> [PROBLEM DETAILS]
Scan the records for "using" and copy each line that contains it.

> [Records contained in a dataset]
lemma inflow_nonneg: "h \<in> reachable \<Longrightarrow> i \<in> J \<Longrightarrow> 0 \<le> inflow n h i u"
  unfolding inflow_def
  by (intro sum_nonneg mult_nonneg_nonneg) (auto intro: transition_nonneg occupation_nonneg)

lemma inflow_advance:
  assumes "h \<in> reachable" and "\<sigma> h = Advance j" and "i \<in> J"
  shows "inflow (Suc n) h i u = (if i = j then P j (cfg h j) u else 0)
           + (\<Sum>v\<in>V j. P j (cfg h j) v * inflow n (h @ [(j, v)]) i u)"
proof -
  define w where "w = cfg h j"
  have "j \<in> J" and "w \<in> V j - T j"
    using advance_valid config_in_states assms(1,2) unfolding w_def by blast+
  then have start: "(\<Sum>x\<in>V i - T i. P i x u * (if i = j \<and> x = w then 1 else 0))
      = (if i = j then P j w u else 0)"
    using finite_states by (simp add: if_distrib cong: if_cong)
  have "inflow (Suc n) h i u = (\<Sum>x\<in>V i - T i. P i x u * (if i = j \<and> x = w then 1 else 0))
      + (\<Sum>x\<in>V i - T i. P i x u * (\<Sum>v\<in>V j. P j w v * occ n (h @ [(j, v)]) i x))"
    using assms(2) unfolding inflow_def w_def by (simp add: distrib_left sum.distrib)
  also have "\<dots> = (if i = j then P j w u else 0)
      + (\<Sum>v\<in>V j. P j w v * inflow n (h @ [(j, v)]) i u)"
    unfolding start inflow_def
    by (simp add: sum_distrib_left sum.swap[of _ "V j"] mult.left_commute)
  finally show ?thesis
    unfolding w_def .
qed

lemma occupation_le_inflow:
  "h \<in> reachable \<Longrightarrow> i \<in> J \<Longrightarrow> occ n h i u \<le> (if u = cfg h i then 1 else 0) + inflow n h i u"
proof (induction n arbitrary: h)
  case 0
  then show ?case by (simp add: inflow_def)
next
  case (Suc n)
  show ?case
  proof (cases "\<sigma> h")
    case (Advance j)
    define w where "w = cfg h j"
    have j: "j \<in> J" and w: "w \<in> V j"
      using advance_valid config_in_states Suc.prems(1) Advance unfolding w_def by blast+
    have child: "P j w v * occ n (h @ [(j, v)]) i u
        \<le> P j w v * ((if u = ((cfg h)(j := v)) i then 1 else 0) + inflow n (h @ [(j, v)]) i u)" for v
      using advance_successor[OF Suc.prems(1) Advance, of v] Suc.IH[of "h @ [(j, v)]"] Suc.prems(2)
      by (auto simp: w_def)
    have "occ (Suc n) h i u
        = (if i = j \<and> u = w then 1 else 0) + (\<Sum>v\<in>V j. P j w v * occ n (h @ [(j, v)]) i u)"
      using Advance by (simp add: w_def)
    also have "\<dots> \<le> (if i = j \<and> u = w then 1 else 0)
        + (\<Sum>v\<in>V j. P j w v * ((if u = ((cfg h)(j := v)) i then 1 else 0) + inflow n (h @ [(j, v)]) i u))"
      using child by (simp add: sum_mono)
    also have "\<dots> = (if i = j \<and> u = w then 1 else 0) + (if i = j then P j w u else if u = cfg h i then 1 else 0)
        + (\<Sum>v\<in>V j. P j w v * inflow n (h @ [(j, v)]) i u)"
      using expected_update_indicator[OF finite_states[OF j] transition_outside[OF j w] transition_sum[OF j w],
          of u "cfg h" j i]
      by (simp add: distrib_left sum.distrib)
    also have "\<dots> = (if u = cfg h i then 1 else 0) + inflow (Suc n) h i u"
      using inflow_advance[OF Suc.prems(1) Advance Suc.prems(2)] by (simp add: w_def)
    finally show ?thesis .
  next
    case (Select I)
    then show ?thesis using inflow_nonneg[OF Suc.prems] by simp
  qed
qed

> [OUTPUT FOR THIS EXERCISE]
    using advance_valid config_in_states assms(1,2) unfolding w_def by blast+
    using finite_states by (simp add: if_distrib cong: if_cong)
    using assms(2) unfolding inflow_def w_def by (simp add: distrib_left sum.distrib)
      using advance_valid config_in_states Suc.prems(1) Advance unfolding w_def by blast+
      using advance_successor[OF Suc.prems(1) Advance, of v] Suc.IH[of "h @ [(j, v)]"] Suc.prems(2)
      using Advance by (simp add: w_def)
      using child by (simp add: sum_mono)
      using expected_update_indicator[OF finite_states[OF j] transition_outside[OF j w] transition_sum[OF j w],
      using inflow_advance[OF Suc.prems(1) Advance Suc.prems(2)] by (simp add: w_def)
    then show ?thesis using inflow_nonneg[OF Suc.prems] by simp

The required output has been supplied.